# auto to manual swap???



## giggalo4hire (Oct 28, 2004)

how hard is it to change out the transmission in a 240??? i was thinking about buying an auto 240 and buying the sr20det with a 5 or 6 speed tranny... i was wondering how hard it would be to do? would there have to be any mods to the body to get the shifter lined up or anything like that... if you have any idea, can you give me a clue??? thanks.


----------



## Nismo1997 (Dec 26, 2003)

giggalo4hire said:


> how hard is it to change out the transmission in a 240??? i was thinking about buying an auto 240 and buying the sr20det with a 5 or 6 speed tranny... i was wondering how hard it would be to do? would there have to be any mods to the body to get the shifter lined up or anything like that... if you have any idea, can you give me a clue??? thanks.


If you have exp. it shouldnt be a problem. There are no mods needed for the body. and there is no shift linkage. once the tranny is up, the shifter is in the car.

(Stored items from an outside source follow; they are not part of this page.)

(* Let $\mathcal{M}=(S,s_I,\mathit{Act},\mathcal{P},\mathit{AP},\mathcal{L})$ be a Markov decision process (in the setting of the paper, the product of the robot MDP with a deterministic Rabin automaton for an LTL specification $\varphi$, with all states of end components made absorbing), let $B\subseteq S$ be the set of states in accepting end components, let $S_r$ be the set of states not in $B$ with nonzero probability of reaching $B$, let $\sigma_h$ be a memoryless randomized (human) strategy, and let $\beta\in[0,1]$. Then the shared control synthesis problem $$\min_{\sigma_{ha}}\ \max_{s\in S,\alpha\in\mathit{Act}}|\sigma_h(s,\alpha)-\sigma_{ha}(s,\alpha)|\quad\text{subject to}\quad \mathbb{P}_{\mathcal{M}^{\sigma_{ha}}}(s_I\models\varphi)\ge\beta$$ can be formulated as the following nonlinear program in the variables $x(s,\alpha)\in[0,\infty)$ for $s\in S_r,\alpha\in\mathit{Act}$, $x(s)\in[0,1]$ for $s\in B$, and $\hat\delta\in[0,1]$: minimize $\hat\delta$ subject to (i) for all $s\in S_r$: $\sum_{\alpha\in\mathit{Act}}x(s,\alpha)=\sum_{s'\in S_r}\sum_{\alpha\in\mathit{Act}}\mathcal{P}(s',\alpha,s)\,x(s',\alpha)+\alpha_s$; (ii) for all $s\in B$: $x(s)=\sum_{s'\in S_r}\sum_{\alpha\in\mathit{Act}}\mathcal{P}(s',\alpha,s)\,x(s',\alpha)+\alpha_s$; (iii) $\sum_{s\in B}x(s)\ge\beta$; (iv) for all $s\in S_r$ and $\alpha\in\mathit{Act}$: $\big|x(s,\alpha)-\sum_{\alpha'\in\mathit{Act}}x(s,\alpha')\,\sigma_h(s,\alpha)\big|\le\hat\delta\sum_{\alpha'\in\mathit{Act}}x(s,\alpha')$; where $\alpha_s=1$ if $s=s_I$ and $\alpha_s=0$ otherwise, and the repaired strategy is recovered as $\sigma_{ha}(s,\alpha)=x(s,\alpha)/\sum_{\alpha'\in\mathit{Act}}x(s,\alpha')$.
   Context: An MDP has finite state set $S$, initial state $s_I$, finite action set $\mathit{Act}$, transition function $\mathcal{P}:S\times\mathit{Act}\to\mathrm{Distr}(S)$, atomic propositions $\mathit{AP}$ and labeling $\mathcal{L}:S\to 2^{\mathit{AP}}$. A memoryless randomized strategy is $\sigma:S\to\mathrm{Distr}(\mathit{Act})$; $\mathcal{M}^\sigma$ denotes the induced Markov chain with $\mathcal{P}^\sigma(s,s')=\sum_\alpha\sigma(s,\alpha)\mathcal{P}(s,\alpha,s')$, and $\mathbb{P}_{\mathcal{M}^\sigma}(s_I\models\varphi)$ is the probability that a path from $s_I$ satisfies the LTL formula $\varphi$ (equivalently, in the product MDP, reaches the accepting end component states $B$). The variable $x(s,\alpha)$ represents the occupancy measure (expected number of times action $\alpha$ is taken in state $s$) and $x(s)$ the probability of reaching $s\in B$. It is assumed there exists a strategy satisfying $\varphi$ with probability at least $\beta$, and that all states are reachable. *)

theory Defs
  imports Complex_Main
begin

text \<open>An MDP over a finite state type 's and finite action type 'a; the transition
  function is P s a s' (probability of moving from s to s' under action a).
  Every action is enabled in every state.\<close>

definition is_mdp :: "('s::finite \<Rightarrow> 'a::finite \<Rightarrow> 's \<Rightarrow> real) \<Rightarrow> bool" where
  "is_mdp P \<longleftrightarrow> (\<forall>s a s'. 0 \<le> P s a s') \<and> (\<forall>s a. (\<Sum>s'\<in>UNIV. P s a s') = 1)"

definition is_strategy :: "('s::finite \<Rightarrow> 'a::finite \<Rightarrow> real) \<Rightarrow> bool" where
  "is_strategy \<sigma> \<longleftrightarrow> (\<forall>s a. 0 \<le> \<sigma> s a) \<and> (\<forall>s. (\<Sum>a\<in>UNIV. \<sigma> s a) = 1)"

definition induced :: "('s::finite \<Rightarrow> 'a::finite \<Rightarrow> 's \<Rightarrow> real) \<Rightarrow> ('s \<Rightarrow> 'a \<Rightarrow> real) \<Rightarrow> 's \<Rightarrow> 's \<Rightarrow> real" where
  "induced P \<sigma> s s' = (\<Sum>a\<in>UNIV. \<sigma> s a * P s a s')"

fun reach_n :: "('s::finite \<Rightarrow> 'a::finite \<Rightarrow> 's \<Rightarrow> real) \<Rightarrow> 's set \<Rightarrow> ('s \<Rightarrow> 'a \<Rightarrow> real) \<Rightarrow> nat \<Rightarrow> 's \<Rightarrow> real" where
  "reach_n P B \<sigma> 0 s = (if s \<in> B then 1 else 0)"
| "reach_n P B \<sigma> (Suc n) s =
     (if s \<in> B then 1 else (\<Sum>s'\<in>UNIV. induced P \<sigma> s s' * reach_n P B \<sigma> n s'))"

text \<open>Probability, in M^\<sigma>, of eventually reaching B from s (limit of the
  nondecreasing bounded step-bounded reachability probabilities).\<close>
definition reach_prob :: "('s::finite \<Rightarrow> 'a::finite \<Rightarrow> 's \<Rightarrow> real) \<Rightarrow> 's set \<Rightarrow> ('s \<Rightarrow> 'a \<Rightarrow> real) \<Rightarrow> 's \<Rightarrow> real" where
  "reach_prob P B \<sigma> s = (SUP n. reach_n P B \<sigma> n s)"

definition S_r :: "('s::finite \<Rightarrow> 'a::finite \<Rightarrow> 's \<Rightarrow> real) \<Rightarrow> 's set \<Rightarrow> 's set" where
  "S_r P B = {s. s \<notin> B \<and> (\<exists>\<sigma>. is_strategy \<sigma> \<and> 0 < reach_prob P B \<sigma> s)}"

definition deviation :: "('s::finite \<Rightarrow> 'a::finite \<Rightarrow> real) \<Rightarrow> ('s \<Rightarrow> 'a \<Rightarrow> real) \<Rightarrow> real" where
  "deviation \<sigma>h \<sigma> = Max (range (\<lambda>(s, a). \<bar>\<sigma>h s a - \<sigma> s a\<bar>))"

definition inflow :: "('s::finite \<Rightarrow> 'a::finite \<Rightarrow> 's \<Rightarrow> real) \<Rightarrow> 's set \<Rightarrow> 's \<Rightarrow> ('s \<Rightarrow> 'a \<Rightarrow> real) \<Rightarrow> 's \<Rightarrow> real" where
  "inflow P B sI x s =
     (\<Sum>s'\<in>S_r P B. \<Sum>a\<in>UNIV. P s' a s * x s' a) + (if s = sI then 1 else 0)"

definition nlp_feasible ::
  "('s::finite \<Rightarrow> 'a::finite \<Rightarrow> 's \<Rightarrow> real) \<Rightarrow> 's \<Rightarrow> 's set \<Rightarrow> ('s \<Rightarrow> 'a \<Rightarrow> real) \<Rightarrow> real
    \<Rightarrow> ('s \<Rightarrow> 'a \<Rightarrow> real) \<Rightarrow> ('s \<Rightarrow> real) \<Rightarrow> real \<Rightarrow> bool" where
  "nlp_feasible P sI B \<sigma>h \<beta> x xB \<delta> \<longleftrightarrow>
     0 \<le> \<delta> \<and> \<delta> \<le> 1 \<and>
     (\<forall>s\<in>S_r P B. \<forall>a. 0 \<le> x s a) \<and>
     (\<forall>s\<in>B. 0 \<le> xB s \<and> xB s \<le> 1) \<and>
     (\<forall>s\<in>S_r P B. (\<Sum>a\<in>UNIV. x s a) = inflow P B sI x s) \<and>
     (\<forall>s\<in>B. xB s = inflow P B sI x s) \<and>
     (\<Sum>s\<in>B. xB s) \<ge> \<beta> \<and>
     (\<forall>s\<in>S_r P B. \<forall>a. \<bar>x s a - (\<Sum>a'\<in>UNIV. x s a') * \<sigma>h s a\<bar> \<le> \<delta> * (\<Sum>a'\<in>UNIV. x s a'))"

text \<open>Strategy recovered from an NLP solution; at states of S_r not visited, and
  outside S_r (where the choice does not influence the reachability of B), the
  human strategy is kept.\<close>
definition recovered :: "('s::finite \<Rightarrow> 'a::finite \<Rightarrow> 's \<Rightarrow> real) \<Rightarrow> 's set \<Rightarrow> ('s \<Rightarrow> 'a \<Rightarrow> real)
    \<Rightarrow> ('s \<Rightarrow> 'a \<Rightarrow> real) \<Rightarrow> 's \<Rightarrow> 'a \<Rightarrow> real" where
  "recovered P B \<sigma>h x s a =
     (if s \<in> S_r P B \<and> (\<Sum>a'\<in>UNIV. x s a') > 0 then x s a / (\<Sum>a'\<in>UNIV. x s a') else \<sigma>h s a)"

end

theory Submission
  imports Defs
begin

(* Soundness: normalising a feasible x at every state of S_r gives a strategy whose deviation from
   the human strategy is at most delta, and for which the NLP constraints are flow equations of the
   induced chain.  These bound the mass collected in B by the probability of reaching B: otherwise
   the potential sum_s y(s) * P(reach B within n steps from s), y(s) = sum_a x(s,a), would grow
   linearly in n although it is bounded by sum_s y(s).
   Completeness: a feasible strategy is first perturbed by at most epsilon so that B is reached with
   positive probability from every state of S_r.  The induced chain restricted to S_r is then
   transient, so the expected numbers of visits to the states of S_r are finite; together with the
   strategy they form a feasible point of the NLP whose delta is the deviation of the perturbed
   strategy. *)

lemma sum_UNIV_split_Compl:
  fixes f :: "'s::finite \<Rightarrow> 'b::comm_monoid_add"
  shows "sum f UNIV = sum f T + sum f (- T)"
  by (metis Compl_eq_Diff_UNIV add.commute finite subset_UNIV sum.subset_diff)

lemma nonpos_if_bounded_increments:
  fixes D :: "nat \<Rightarrow> real"
  assumes step: "\<And>n. D n + c \<le> D (Suc n)" and bounded: "\<And>n. D n \<le> Y"
  shows "c \<le> 0"
proof (rule ccontr)
  assume "\<not> c \<le> 0"
  have linear: "D 0 + real n * c \<le> D n" for n
  proof (induction n)
    case (Suc n)
    then show ?case
      using step[of n] by (simp add: algebra_simps)
  qed simp
  obtain n where "Y - D 0 < real n * c"
    using reals_Archimedean3 \<open>\<not> c \<le> 0\<close> by (meson not_le)
  then show False
    using linear[of n] bounded[of n] by linarith
qed

lemma Inf_eq_if_mutually_approximating:
  fixes A C :: "real set"
  assumes "A \<noteq> {}" "bdd_below A" "bdd_below C"
    and approx_A: "\<And>a \<epsilon>. a \<in> A \<Longrightarrow> 0 < \<epsilon> \<Longrightarrow> \<exists>c\<in>C. c \<le> a + \<epsilon>"
    and approx_C: "\<And>c. c \<in> C \<Longrightarrow> \<exists>a\<in>A. a \<le> c"
  shows "Inf A = Inf C"
proof (rule antisym)
  have "C \<noteq> {}"
    using \<open>A \<noteq> {}\<close> approx_A[of _ 1] by fastforce
  then show "Inf A \<le> Inf C"
    using approx_C cInf_lower[OF _ \<open>bdd_below A\<close>] by (meson cInf_greatest order_trans)
  show "Inf C \<le> Inf A"
  proof (rule cInf_greatest[OF \<open>A \<noteq> {}\<close>])
    fix a assume "a \<in> A"
    show "Inf C \<le> a"
    proof (rule field_le_epsilon)
      fix \<epsilon> :: real assume "0 < \<epsilon>"
      then show "Inf C \<le> a + \<epsilon>"
        using approx_A[OF \<open>a \<in> A\<close>] cInf_lower[OF _ \<open>bdd_below C\<close>] by (meson order_trans)
    qed
  qed
qed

Do a search. You will be surpised on what you find


Good luck


----------



## OPIUM (Aug 18, 2002)

giggalo4hire said:


> how hard is it to change out the transmission in a 240??? i was thinking about buying an auto 240 and buying the sr20det with a 5 or 6 speed tranny... i was wondering how hard it would be to do? would there have to be any mods to the body to get the shifter lined up or anything like that... if you have any idea, can you give me a clue??? thanks.



There are 8 bolts to drop the motor from the body after you've disconnected most everything in the engine bay. It's not very difficult at all. The sr20det is a direct bolt in. A few sites out there that sell sr20det front clips also have an FAQ page that can answer your questions. For the other FAQ, just do a simple search on here. A good start would be to search for "auto --> manual"


----------